An Excel model was used to assess the cost of analyzing different numbers of samples (100–900 in increments of 50) per year over a certain number of years (1–5), in both USD and Thai Baht using an exchange rate of 0.032. Salaries, prices of supplies, equipment, chemicals, internal standard solutions, quality control materials and cost of maintenance were adjusted using a 1% inflation rate beyond year one. Based on user specification of the number of samples processed per year and the number of program years, the model reports total cost, total fixed cost, total variable cost, total laboratory cost, total personnel cost, total facility cost, average cost, average laboratory cost, average personnel cost, and average facility cost. Where relevant, costs were estimated by multiplying cost per unit with the number of units required within a subcategory.

Results

Table 1 summarizes costs by cost component based on processing 900 plasma samples per year over 5 years. The average cost per sample is $185, with the largest share of costs driven by the cost of laboratory instruments (e.g., procurement and maintenance, 33%), personnel (e.g., salaries and training, 23%), and costs of internal standard solutions and quality control materials (13%). Table 2 illustrates the breakdown of cost components into fixed and variable. Fixed costs account for nearly 60% of overall costs and variable costs account for approximately 40%. Fixed costs primarily reflect the cost of laboratory instruments, personnel and some facility costs. Variable costs consist of most per-unit laboratory costs, most facility costs and a cost consumables cushion.

Table 1

Summary of estimated costs of TFA laboratory analysis program, Thailand, based on 900 samples processed per year over 5 years.

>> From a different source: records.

text \<open>Both \<open>e f\<close> and \<open>f e\<close> are inverses of the idempotent \<open>e f\<close>.\<close>
lemma idem_commute:
  assumes e: "e \<in> C" and f: "f \<in> C" and ee: "m e e = e" and ff: "m f f = f"
  shows "m e f = m f e"
proof -
  have ee': "m e (m e x) = m e x" if "x \<in> C" for x using that ee e by (metis assoc)
  have ff': "m f (m f x) = m f x" if "x \<in> C" for x using that ff f by (metis assoc)
  have ef: "m (m e f) (m e f) = m e f" and fe: "m (m f e) (m f e) = m f e"
    using idem_mult e f ee ff by blast+
  have ef': "m e (m f (m e (m f w))) = m e (m f w)" if "w \<in> C" for w
    using that ef e f by (metis assoc closed)
  have fe': "m f (m e (m f (m e w))) = m f (m e w)" if "w \<in> C" for w
    using that fe e f by (metis assoc closed)
  have "m (m e f) (m (m e f) (m e f)) = m e f" "m (m e f) (m (m f e) (m e f)) = m e f"
    "m (m f e) (m (m e f) (m f e)) = m f e"
    using e f ef fe by (simp_all add: ee' ff' ef' fe')
  then show ?thesis using inverse_unique[of "m e f" "m e f" "m f e"] e f ef by simp
qed

definition inv :: "'b \<Rightarrow> 'b" where
  "inv x = (THE y. y \<in> C \<and> m (m x y) x = x \<and> m (m y x) y = y)"

lemma inv_props:
  assumes "x \<in> C"
  shows "inv x \<in> C" "m x (m (inv x) x) = x" "m (inv x) (m x (inv x)) = inv x"
proof -
  have "inv x \<in> C \<and> m (m x (inv x)) x = x \<and> m (m (inv x) x) (inv x) = inv x"
    unfolding inv_def by (rule theI'[OF unique_inverse[OF assms]])
  then show "inv x \<in> C" "m x (m (inv x) x) = x" "m (inv x) (m x (inv x)) = inv x"
    using assms by auto
qed

lemma inv_closed [simp]: "x \<in> C \<Longrightarrow> inv x \<in> C"
  and inv_l [simp]: "x \<in> C \<Longrightarrow> m x (m (inv x) x) = x"
  and inv_r [simp]: "x \<in> C \<Longrightarrow> m (inv x) (m x (inv x)) = inv x"
  using inv_props by blast+
lemma pos_definite_quadratic_coeffs:
  fixes a b c :: real
  assumes "\<forall>x y. (x, y) \<noteq> (0, 0) \<longrightarrow> a * x\<^sup>2 + b * x * y + c * y\<^sup>2 > 0"
  shows "a > 0" "4 * a * c - b\<^sup>2 > 0"
proof -
  show a: "a > 0" using assms[rule_format, of 1 0] by simp
  have "a * (- b / (2 * a))\<^sup>2 + b * (- b / (2 * a)) * 1 + c * 1\<^sup>2 > 0"
    using assms[rule_format, of "- b / (2 * a)" 1] by simp
  then show "4 * a * c - b\<^sup>2 > 0" using a by (simp add: power2_eq_square field_simps)
qed

lemma Fpair_uminus: "Fpair L (- a) (- b) (- c) = Fpair L a b c"
proof -
  have "[:- c, - b, - a:] = - [:c, b, a:]" by simp
  then show ?thesis by (simp only: Fpair_eq_apolar power_minus_Bit0)
qed

lemma Fpair_ne_0_if_pos_definite:
  assumes dual: "dual_Sigma4_28 L" and nonzero: "nonzero_form8 L"
    and pos: "\<forall>x y. (x, y) \<noteq> (0, 0) \<longrightarrow> a * x\<^sup>2 + b * x * y + c * y\<^sup>2 > 0"
  shows "Fpair L a b c \<noteq> 0"
proof
  assume F: "Fpair L a b c = 0"
  obtain r s v where s: "s \<noteq> 0" and v: "v \<noteq> 0" and q: "[:r, s:]\<^sup>2 + [:v:]\<^sup>2 = [:c, b, a:]"
    using pos_def_quadratic_sum_of_squares pos_definite_quadratic_coeffs[OF pos] by metis
  define U where "U = [:r, s:]"
  have U: "degree U \<le> 1" and V: "degree [:v:] \<le> 1" by (simp_all add: U_def)
  have "apolar L ((U\<^sup>2 + [:v:]\<^sup>2) ^ 4) = 0" using F q by (simp add: U_def Fpair_eq_apolar)
  note eighth = apolar_eighth_powers_eq_0[OF dual U V this]
  have "apolar L (U ^ k) = 0" if "k \<le> 8" for k
  proof -
    have "v ^ (8 - k) * apolar L (U ^ k) = apolar L (U ^ k * [:v:] ^ (8 - k))"
      by (simp add: mult.commute[of "U ^ k"] apolar_const_power_mult)
    with apolar_mixed_monomials_eq_0[OF dual U V eighth that] v show ?thesis by simp
  qed
  then have "L j = 0" if "j \<le> 8" for j
    using apolar_eq_0_if_powers_of_linear_eq_0[where L = L and r = r, OF s _ that]
    by (simp add: U_def)
  with nonzero show False by (auto simp: nonzero_form8_def)
qed

theorem mainTheorem11:
  fixes L :: "nat \<Rightarrow> real" and a b c :: real
  assumes "dual_Sigma4_28 L"
    and "nonzero_form8 L"
    and "definite_bqf a b c"
  shows "Fpair L a b c \<noteq> 0"
  using assms(3) unfolding definite_bqf_def
proof
  assume "\<forall>x y. (x, y) \<noteq> (0, 0) \<longrightarrow> a * x\<^sup>2 + b * x * y + c * y\<^sup>2 > 0"
  then show ?thesis using Fpair_ne_0_if_pos_definite[OF assms(1,2)] by blast
next
  assume "\<forall>x y. (x, y) \<noteq> (0, 0) \<longrightarrow> a * x\<^sup>2 + b * x * y + c * y\<^sup>2 < 0"
  then have "\<forall>x y. (x, y) \<noteq> (0, 0) \<longrightarrow> (- a) * x\<^sup>2 + (- b) * x * y + (- c) * y\<^sup>2 > 0"
    by (metis add.inverse_inverse mult_minus_left neg_0_less_iff_less minus_add_distrib)
  then show ?thesis using Fpair_ne_0_if_pos_definite[OF assms(1,2)] Fpair_uminus by metis
qed

end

	Total cost (USD)	Average cost (USD)	Share (%)
Laboratory costs
Supplies	17,505	3.89	2.10
Equipment	57,699	12.82	6.92
Chemicals	96,234	21.39	11.54
Quality control materials/internal standard solutions	109,388	24.31	13.11
Instruments	278,247	61.83	33.36
Personnel costs	189,925	42.21	22.77
Facility costs	79,574	17.68	9.54
Cushion for consumables	5617	1.25	0.67
Overall	834,188	185.38	100.00

Table 2

Summary of estimated fixed and variable cost breakdown of TFA laboratory analysis program, Thailand, based on 900 samples processed per year over 5 years.

	Fixed cost (%)	Variable cost (%)
Laboratory costs
Supplies	0	100
Equipment	0	100
Chemicals	0	100
Quality control materials/internal standard solutions	0	100
Instruments	100	0
Personnel costs	100	0
Facility costs	29	71
Cushion for consumables	0	100
Overall	59	41

Table 3 describes how average costs for each category differ across different processing scopes. In addition to reporting average costs resulting from processing the baseline maximum capacity of 900 samples per year, it reports average cost estimates that correspond to doubling and tripling the maximum capacity to 1800 and 2700 samples per year. At 900 samples per year, the laboratory cost share is 67.5%, the personnel cost share is 22.9%, and the facility cost share is 9.6%. Increasing the annual processing capacity does not substantively alter this distribution of costs, though it slightly raises the share of personnel costs, which increase from 22.9% of the overall average cost at baseline capacity to 26.6% of the cost at double processing capacity.

Table 3

Estimated average costs across a range of processed samples per year, over 5 years.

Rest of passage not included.